» **PROBLEM TO SOLVE**
Retype all of the data without changing a single word.
· · ·
text \<open>Write \<open>X = (x, \<phi> x)\<close>, \<open>\<tau> = (1, \<phi>') / v\<close> for the unit tangent and \<open>\<tau>\<^sub>0 = (1, a0) / v0\<close> for
the direction of the line \<open>y = a0 x\<close>. Along a solution, \<open>W = k \<partial>\<^sub>s k + X \<cdot> (\<tau> - \<tau>\<^sub>0) / 4\<close>
satisfies \<open>W' = v (\<partial>\<^sub>s k)\<^sup>2 + v (1 - \<tau> \<cdot> \<tau>\<^sub>0) / 4 \<ge> 0\<close>. Since \<open>\<phi> - a0 x\<close> is bounded and
\<open>|\<tau> - \<tau>\<^sub>0| \<le> |\<phi>' - a0|\<close> is integrable, \<open>X \<cdot> (\<tau> - \<tau>\<^sub>0)\<close> is bounded above by an integrable
function for \<open>x \<ge> 0\<close> and below by one for \<open>x \<le> 0\<close>. So if \<open>W(x\<^sub>0) > 0\<close>, then
\<open>(k\<^sup>2/2)' = v k \<partial>\<^sub>s k\<close> exceeds \<open>W(x\<^sub>0)\<close> up to an integrable error on \<open>[x\<^sub>0, \<infinity>)\<close>, hence \<open>k\<^sup>2\<close>
grows linearly and \<open>|\<phi>''| = v\<^sup>3 |k| \<ge> 1\<close> on arbitrarily long intervals, which is impossible for
bounded \<open>\<phi>'\<close>; symmetrically \<open>W \<ge> 0\<close>. Thus \<open>W = 0\<close>, so \<open>\<partial>\<^sub>s k = 0\<close>, the profile equation reduces
to \<open>\<phi> = x \<phi>'\<close>, and \<open>\<phi>\<close> is linear with slope \<open>a0\<close>.\<close>

lemma lipschitz_on_has_real_derivative_abs_le:
  fixes f :: "real \<Rightarrow> real"
  assumes "lipschitz_on L UNIV f" "(f has_real_derivative d) (at x)"
  shows "\<bar>d\<bar> \<le> L"
proof -
  have "((\<lambda>y. (f y - f x) / (y - x)) \<longlongrightarrow> d) (at x)"
    using assms(2) by (simp add: DERIV_def has_field_derivative_iff)
  moreover have "\<bar>(f y - f x) / (y - x)\<bar> \<le> L" for y
  proof -
    have "\<bar>f y - f x\<bar> \<le> L * \<bar>y - x\<bar>"
      using assms(1) by (auto simp: lipschitz_on_def dist_real_def)
    then show ?thesis
      by (cases "y = x") (auto simp: abs_divide divide_le_eq lipschitz_on_nonneg[OF assms(1)])
  qed
  ultimately show ?thesis
    by (intro tendsto_upperbound[OF tendsto_rabs]) auto
qed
· · ·
» **ANSWER TO THE PROBLEM**
text \<open>Write \<open>X = (x, \<phi> x)\<close>, \<open>\<tau> = (1, \<phi>') / v\<close> for the unit tangent and \<open>\<tau>\<^sub>0 = (1, a0) / v0\<close> for
the direction of the line \<open>y = a0 x\<close>. Along a solution, \<open>W = k \<partial>\<^sub>s k + X \<cdot> (\<tau> - \<tau>\<^sub>0) / 4\<close>
satisfies \<open>W' = v (\<partial>\<^sub>s k)\<^sup>2 + v (1 - \<tau> \<cdot> \<tau>\<^sub>0) / 4 \<ge> 0\<close>. Since \<open>\<phi> - a0 x\<close> is bounded and
\<open>|\<tau> - \<tau>\<^sub>0| \<le> |\<phi>' - a0|\<close> is integrable, \<open>X \<cdot> (\<tau> - \<tau>\<^sub>0)\<close> is bounded above by an integrable
function for \<open>x \<ge> 0\<close> and below by one for \<open>x \<le> 0\<close>. So if \<open>W(x\<^sub>0) > 0\<close>, then
\<open>(k\<^sup>2/2)' = v k \<partial>\<^sub>s k\<close> exceeds \<open>W(x\<^sub>0)\<close> up to an integrable error on \<open>[x\<^sub>0, \<infinity>)\<close>, hence \<open>k\<^sup>2\<close>
grows linearly and \<open>|\<phi>''| = v\<^sup>3 |k| \<ge> 1\<close> on arbitrarily long intervals, which is impossible for
bounded \<open>\<phi>'\<close>; symmetrically \<open>W \<ge> 0\<close>. Thus \<open>W = 0\<close>, so \<open>\<partial>\<^sub>s k = 0\<close>, the profile equation reduces
to \<open>\<phi> = x \<phi>'\<close>, and \<open>\<phi>\<close> is linear with slope \<open>a0\<close>.\<close>

lemma lipschitz_on_has_real_derivative_abs_le:
  fixes f :: "real \<Rightarrow> real"
  assumes "lipschitz_on L UNIV f" "(f has_real_derivative d) (at x)"
  shows "\<bar>d\<bar> \<le> L"
proof -
  have "((\<lambda>y. (f y - f x) / (y - x)) \<longlongrightarrow> d) (at x)"
    using assms(2) by (simp add: DERIV_def has_field_derivative_iff)
  moreover have "\<bar>(f y - f x) / (y - x)\<bar> \<le> L" for y
  proof -
    have "\<bar>f y - f x\<bar> \<le> L * \<bar>y - x\<bar>"
      using assms(1) by (auto simp: lipschitz_on_def dist_real_def)
    then show ?thesis
      by (cases "y = x") (auto simp: abs_divide divide_le_eq lipschitz_on_nonneg[OF assms(1)])
  qed
  ultimately show ?thesis
    by (intro tendsto_upperbound[OF tendsto_rabs]) auto
qed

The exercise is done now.